[Stored dataset items]
⟨
fun find_lca :: "'a rbtree \<Rightarrow> 'a set \<Rightarrow> 'a rbtree" where
  "find_lca (Leaf a) s = Leaf a"
| "find_lca (Node l r) s =
     (if s \<subseteq> leaves l then find_lca l s else if s \<subseteq> leaves r then find_lca r s else Node l r)"

lemma find_lca_in_vertices: "find_lca t s \<in> vertices t"
  by (induction t) auto

lemma subset_leaves_find_lca: "s \<subseteq> leaves t \<Longrightarrow> s \<subseteq> leaves (find_lca t s)"
  by (induction t) auto

lemma find_lca_below:
  assumes "distinct (leaf_list t)" "s \<noteq> {}" "w \<in> vertices t" "s \<subseteq> leaves w"
  shows "find_lca t s \<in> vertices w"
  using assms
proof (induction t arbitrary: w)
  case (Node l r)
  then have dist: "distinct (leaf_list l)" "distinct (leaf_list r)"
    and disjoint: "leaves l \<inter> leaves r = {}"
    unfolding distinct_leaf_list_Node by blast+
  consider "w = Node l r" | "w \<in> vertices l" | "w \<in> vertices r"
    using Node.prems(3) by auto
  then show ?case
  proof cases
    case 1
    then show ?thesis using find_lca_in_vertices by blast
  next
    case 2
    then have "s \<subseteq> leaves l" using Node.prems(4) leaves_mono_vertices by blast
    then show ?thesis using 2 Node.prems(4) Node.IH(1)[OF dist(1) Node.prems(2)] by simp
  next
    case 3
    then have "s \<subseteq> leaves r" using Node.prems(4) leaves_mono_vertices by blast
    moreover have "\<not> s \<subseteq> leaves l" using calculation disjoint Node.prems(2) by blast
    ultimately show ?thesis using 3 Node.prems(4) Node.IH(2)[OF dist(2) Node.prems(2)] by simp
  qed
qed simp

lemma lca_eq_find_lca:
  assumes "distinct (leaf_list t)" "s \<noteq> {}" "s \<subseteq> leaves t"
  shows "lca t s = find_lca t s"
  unfolding lca_def
proof (rule the_equality)
  show "find_lca t s \<in> vertices t \<and> s \<subseteq> leaves (find_lca t s) \<and>
      (\<forall>w\<in>vertices t. s \<subseteq> leaves w \<longrightarrow> find_lca t s \<in> vertices w)"
    using assms by (simp add: find_lca_in_vertices subset_leaves_find_lca find_lca_below)
  fix v
  assume "v \<in> vertices t \<and> s \<subseteq> leaves v \<and> (\<forall>w\<in>vertices t. s \<subseteq> leaves w \<longrightarrow> v \<in> vertices w)"
  then show "v = find_lca t s"
    using assms by (metis find_lca_in_vertices subset_leaves_find_lca find_lca_below vertices_antisym)
qed

lemma find_lca_in_interior_vertices:
  assumes "2 \<le> card s" "s \<subseteq> leaves t"
  shows "find_lca t s \<in> interior_vertices t"
proof (cases "find_lca t s")
  case (Leaf a)
  then have "s \<subseteq> {a}" using subset_leaves_find_lca[OF assms(2)] by simp
  then have "card s \<le> 1" using card_mono[of "{a}" s] by simp
  with assms(1) show ?thesis by simp
next
  case (Node l r)
  then show ?thesis using find_lca_in_vertices[of t s] by (simp add: interior_vertices_def)
qed

definition doubletons :: "'a set \<Rightarrow> 'a set set" where
  "doubletons S = {s. s \<subseteq> S \<and> card s = 2}"

lemma finite_doubletons: "finite S \<Longrightarrow> finite (doubletons S)"
  unfolding doubletons_def by (rule finite_subset[of _ "Pow S"]) auto

lemma lca_doubleton_eq_find_lca:
  assumes "phylo_tree X t" "s \<in> doubletons X"
  shows "lca t s = find_lca t s"
  using assms by (intro lca_eq_find_lca) (auto simp: phylo_tree_def doubletons_def)

lemma lca_doubleton_in_interior_vertices:
  assumes "phylo_tree X t" "s \<in> doubletons X"
  shows "lca t s \<in> interior_vertices t"
  using assms lca_doubleton_eq_find_lca[OF assms]
  by (auto simp: phylo_tree_def doubletons_def intro: find_lca_in_interior_vertices)

lemma doubletons_singleton [simp]: "doubletons {a} = {}"
proof -
  have "s \<notin> doubletons {a}" for s
  proof
    assume "s \<in> doubletons {a}"
    then have "s \<subseteq> {a}" "card s = 2"
      by (simp_all add: doubletons_def)
    then show False using card_mono[of "{a}" s] by simp
  qed
  then show ?thesis by blast
qed
lemma integral_indicator_X_indicator_Y:
  assumes [measurable]: "A \<in> sets borel" "B \<in> sets borel"
  shows "(\<integral>\<omega>. indicator A (X \<omega>) * indicator B (Y \<omega>) \<partial>M)
       = (\<integral>\<omega>. indicator A (X \<omega>) \<partial>M) * (\<integral>\<omega>. indicator B (Y \<omega>) \<partial>M :: real)"
proof -
  define p where "p = (\<integral>\<omega>. indicator A (X \<omega>) \<partial>M :: real)"
  have int_A: "integrable M (\<lambda>\<omega>. indicator A (X \<omega>) :: real)"
    by (rule integrable_abs_bounded[where B = 1]) (simp_all add: indicator_def)
  have int_AB: "integrable M (\<lambda>\<omega>. indicator A (X \<omega>) * indicator B (Y \<omega>) :: real)"
    by (rule integrable_abs_bounded[where B = 1]) (simp_all add: indicator_def)
  have "0 \<le> p" unfolding p_def by (rule Bochner_Integration.integral_nonneg) simp
  show ?thesis
  proof (cases "p = 0")
    case True
    have "(\<integral>\<omega>. indicator A (X \<omega>) * indicator B (Y \<omega>) \<partial>M) \<le> p"
      unfolding p_def by (rule integral_mono[OF int_AB int_A]) (simp add: indicator_def)
    moreover have "0 \<le> (\<integral>\<omega>. indicator A (X \<omega>) * indicator B (Y \<omega>) \<partial>M :: real)"
      by (rule Bochner_Integration.integral_nonneg) simp
    ultimately have "(\<integral>\<omega>. indicator A (X \<omega>) * indicator B (Y \<omega>) \<partial>M :: real) = 0"
      using True by linarith
    then show ?thesis using True by (simp add: p_def)
  next
    case False
    with \<open>0 \<le> p\<close> have "0 < p" by simp
    define g where "g \<omega> = indicator A (X \<omega>) / p" for \<omega>
    have "(\<integral>\<omega>. g \<omega> * indicator B (Y \<omega>) \<partial>M) = (\<integral>\<omega>. indicator B (Y \<omega>) \<partial>M)"
    proof (rule reweighted_std_normal_indicator[OF prob_space_axioms Y_measurable _ distr_Y])
      show "0 \<le> g \<omega>" for \<omega> using \<open>0 < p\<close> by (simp add: g_def)
      show "integrable M g" unfolding g_def using int_A by simp
      fix u
      show "(\<integral>\<omega>. g \<omega> * cos (u * Y \<omega>) \<partial>M) = exp (- u\<^sup>2 / 2)"
        using integral_indicator_X_cos_Y[of A 0 u] \<open>0 < p\<close> by (simp add: g_def p_def)
      have "sin (u * Y \<omega>) = cos (u * Y \<omega> + - (pi / 2))" for \<omega>
        by (simp add: cos_diff)
      then show "(\<integral>\<omega>. g \<omega> * sin (u * Y \<omega>) \<partial>M) = 0"
        using integral_indicator_X_cos_Y[of A "- (pi / 2)" u] by (simp add: g_def)
    qed (simp_all add: g_def)
    then show ?thesis using \<open>0 < p\<close> by (simp add: g_def p_def field_simps)
  qed
qed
⟩
Task goal: Using the records above as the source, restate each line verbatim.

Written reply:
fun find_lca :: "'a rbtree \<Rightarrow> 'a set \<Rightarrow> 'a rbtree" where
  "find_lca (Leaf a) s = Leaf a"
| "find_lca (Node l r) s =
     (if s \<subseteq> leaves l then find_lca l s else if s \<subseteq> leaves r then find_lca r s else Node l r)"

lemma find_lca_in_vertices: "find_lca t s \<in> vertices t"
  by (induction t) auto

lemma subset_leaves_find_lca: "s \<subseteq> leaves t \<Longrightarrow> s \<subseteq> leaves (find_lca t s)"
  by (induction t) auto

lemma find_lca_below:
  assumes "distinct (leaf_list t)" "s \<noteq> {}" "w \<in> vertices t" "s \<subseteq> leaves w"
  shows "find_lca t s \<in> vertices w"
  using assms
proof (induction t arbitrary: w)
  case (Node l r)
  then have dist: "distinct (leaf_list l)" "distinct (leaf_list r)"
    and disjoint: "leaves l \<inter> leaves r = {}"
    unfolding distinct_leaf_list_Node by blast+
  consider "w = Node l r" | "w \<in> vertices l" | "w \<in> vertices r"
    using Node.prems(3) by auto
  then show ?case
  proof cases
    case 1
    then show ?thesis using find_lca_in_vertices by blast
  next
    case 2
    then have "s \<subseteq> leaves l" using Node.prems(4) leaves_mono_vertices by blast
    then show ?thesis using 2 Node.prems(4) Node.IH(1)[OF dist(1) Node.prems(2)] by simp
  next
    case 3
    then have "s \<subseteq> leaves r" using Node.prems(4) leaves_mono_vertices by blast
    moreover have "\<not> s \<subseteq> leaves l" using calculation disjoint Node.prems(2) by blast
    ultimately show ?thesis using 3 Node.prems(4) Node.IH(2)[OF dist(2) Node.prems(2)] by simp
  qed
qed simp

lemma lca_eq_find_lca:
  assumes "distinct (leaf_list t)" "s \<noteq> {}" "s \<subseteq> leaves t"
  shows "lca t s = find_lca t s"
  unfolding lca_def
proof (rule the_equality)
  show "find_lca t s \<in> vertices t \<and> s \<subseteq> leaves (find_lca t s) \<and>
      (\<forall>w\<in>vertices t. s \<subseteq> leaves w \<longrightarrow> find_lca t s \<in> vertices w)"
    using assms by (simp add: find_lca_in_vertices subset_leaves_find_lca find_lca_below)
  fix v
  assume "v \<in> vertices t \<and> s \<subseteq> leaves v \<and> (\<forall>w\<in>vertices t. s \<subseteq> leaves w \<longrightarrow> v \<in> vertices w)"
  then show "v = find_lca t s"
    using assms by (metis find_lca_in_vertices subset_leaves_find_lca find_lca_below vertices_antisym)
qed

lemma find_lca_in_interior_vertices:
  assumes "2 \<le> card s" "s \<subseteq> leaves t"
  shows "find_lca t s \<in> interior_vertices t"
proof (cases "find_lca t s")
  case (Leaf a)
  then have "s \<subseteq> {a}" using subset_leaves_find_lca[OF assms(2)] by simp
  then have "card s \<le> 1" using card_mono[of "{a}" s] by simp
  with assms(1) show ?thesis by simp
next
  case (Node l r)
  then show ?thesis using find_lca_in_vertices[of t s] by (simp add: interior_vertices_def)
qed

definition doubletons :: "'a set \<Rightarrow> 'a set set" where
  "doubletons S = {s. s \<subseteq> S \<and> card s = 2}"

lemma finite_doubletons: "finite S \<Longrightarrow> finite (doubletons S)"
  unfolding doubletons_def by (rule finite_subset[of _ "Pow S"]) auto

lemma lca_doubleton_eq_find_lca:
  assumes "phylo_tree X t" "s \<in> doubletons X"
  shows "lca t s = find_lca t s"
  using assms by (intro lca_eq_find_lca) (auto simp: phylo_tree_def doubletons_def)

lemma lca_doubleton_in_interior_vertices:
  assumes "phylo_tree X t" "s \<in> doubletons X"
  shows "lca t s \<in> interior_vertices t"
  using assms lca_doubleton_eq_find_lca[OF assms]
  by (auto simp: phylo_tree_def doubletons_def intro: find_lca_in_interior_vertices)

lemma doubletons_singleton [simp]: "doubletons {a} = {}"
proof -
  have "s \<notin> doubletons {a}" for s
  proof
    assume "s \<in> doubletons {a}"
    then have "s \<subseteq> {a}" "card s = 2"
      by (simp_all add: doubletons_def)
    then show False using card_mono[of "{a}" s] by simp
  qed
  then show ?thesis by blast
qed
lemma integral_indicator_X_indicator_Y:
  assumes [measurable]: "A \<in> sets borel" "B \<in> sets borel"
  shows "(\<integral>\<omega>. indicator A (X \<omega>) * indicator B (Y \<omega>) \<partial>M)
       = (\<integral>\<omega>. indicator A (X \<omega>) \<partial>M) * (\<integral>\<omega>. indicator B (Y \<omega>) \<partial>M :: real)"
proof -
  define p where "p = (\<integral>\<omega>. indicator A (X \<omega>) \<partial>M :: real)"
  have int_A: "integrable M (\<lambda>\<omega>. indicator A (X \<omega>) :: real)"
    by (rule integrable_abs_bounded[where B = 1]) (simp_all add: indicator_def)
  have int_AB: "integrable M (\<lambda>\<omega>. indicator A (X \<omega>) * indicator B (Y \<omega>) :: real)"
    by (rule integrable_abs_bounded[where B = 1]) (simp_all add: indicator_def)
  have "0 \<le> p" unfolding p_def by (rule Bochner_Integration.integral_nonneg) simp
  show ?thesis
  proof (cases "p = 0")
    case True
    have "(\<integral>\<omega>. indicator A (X \<omega>) * indicator B (Y \<omega>) \<partial>M) \<le> p"
      unfolding p_def by (rule integral_mono[OF int_AB int_A]) (simp add: indicator_def)
    moreover have "0 \<le> (\<integral>\<omega>. indicator A (X \<omega>) * indicator B (Y \<omega>) \<partial>M :: real)"
      by (rule Bochner_Integration.integral_nonneg) simp
    ultimately have "(\<integral>\<omega>. indicator A (X \<omega>) * indicator B (Y \<omega>) \<partial>M :: real) = 0"
      using True by linarith
    then show ?thesis using True by (simp add: p_def)
  next
    case False
    with \<open>0 \<le> p\<close> have "0 < p" by simp
    define g where "g \<omega> = indicator A (X \<omega>) / p" for \<omega>
    have "(\<integral>\<omega>. g \<omega> * indicator B (Y \<omega>) \<partial>M) = (\<integral>\<omega>. indicator B (Y \<omega>) \<partial>M)"
    proof (rule reweighted_std_normal_indicator[OF prob_space_axioms Y_measurable _ distr_Y])
      show "0 \<le> g \<omega>" for \<omega> using \<open>0 < p\<close> by (simp add: g_def)
      show "integrable M g" unfolding g_def using int_A by simp
      fix u
      show "(\<integral>\<omega>. g \<omega> * cos (u * Y \<omega>) \<partial>M) = exp (- u\<^sup>2 / 2)"
        using integral_indicator_X_cos_Y[of A 0 u] \<open>0 < p\<close> by (simp add: g_def p_def)
      have "sin (u * Y \<omega>) = cos (u * Y \<omega> + - (pi / 2))" for \<omega>
        by (simp add: cos_diff)
      then show "(\<integral>\<omega>. g \<omega> * sin (u * Y \<omega>) \<partial>M) = 0"
        using integral_indicator_X_cos_Y[of A "- (pi / 2)" u] by (simp add: g_def)
    qed (simp_all add: g_def)
    then show ?thesis using \<open>0 < p\<close> by (simp add: g_def p_def field_simps)
  qed
qed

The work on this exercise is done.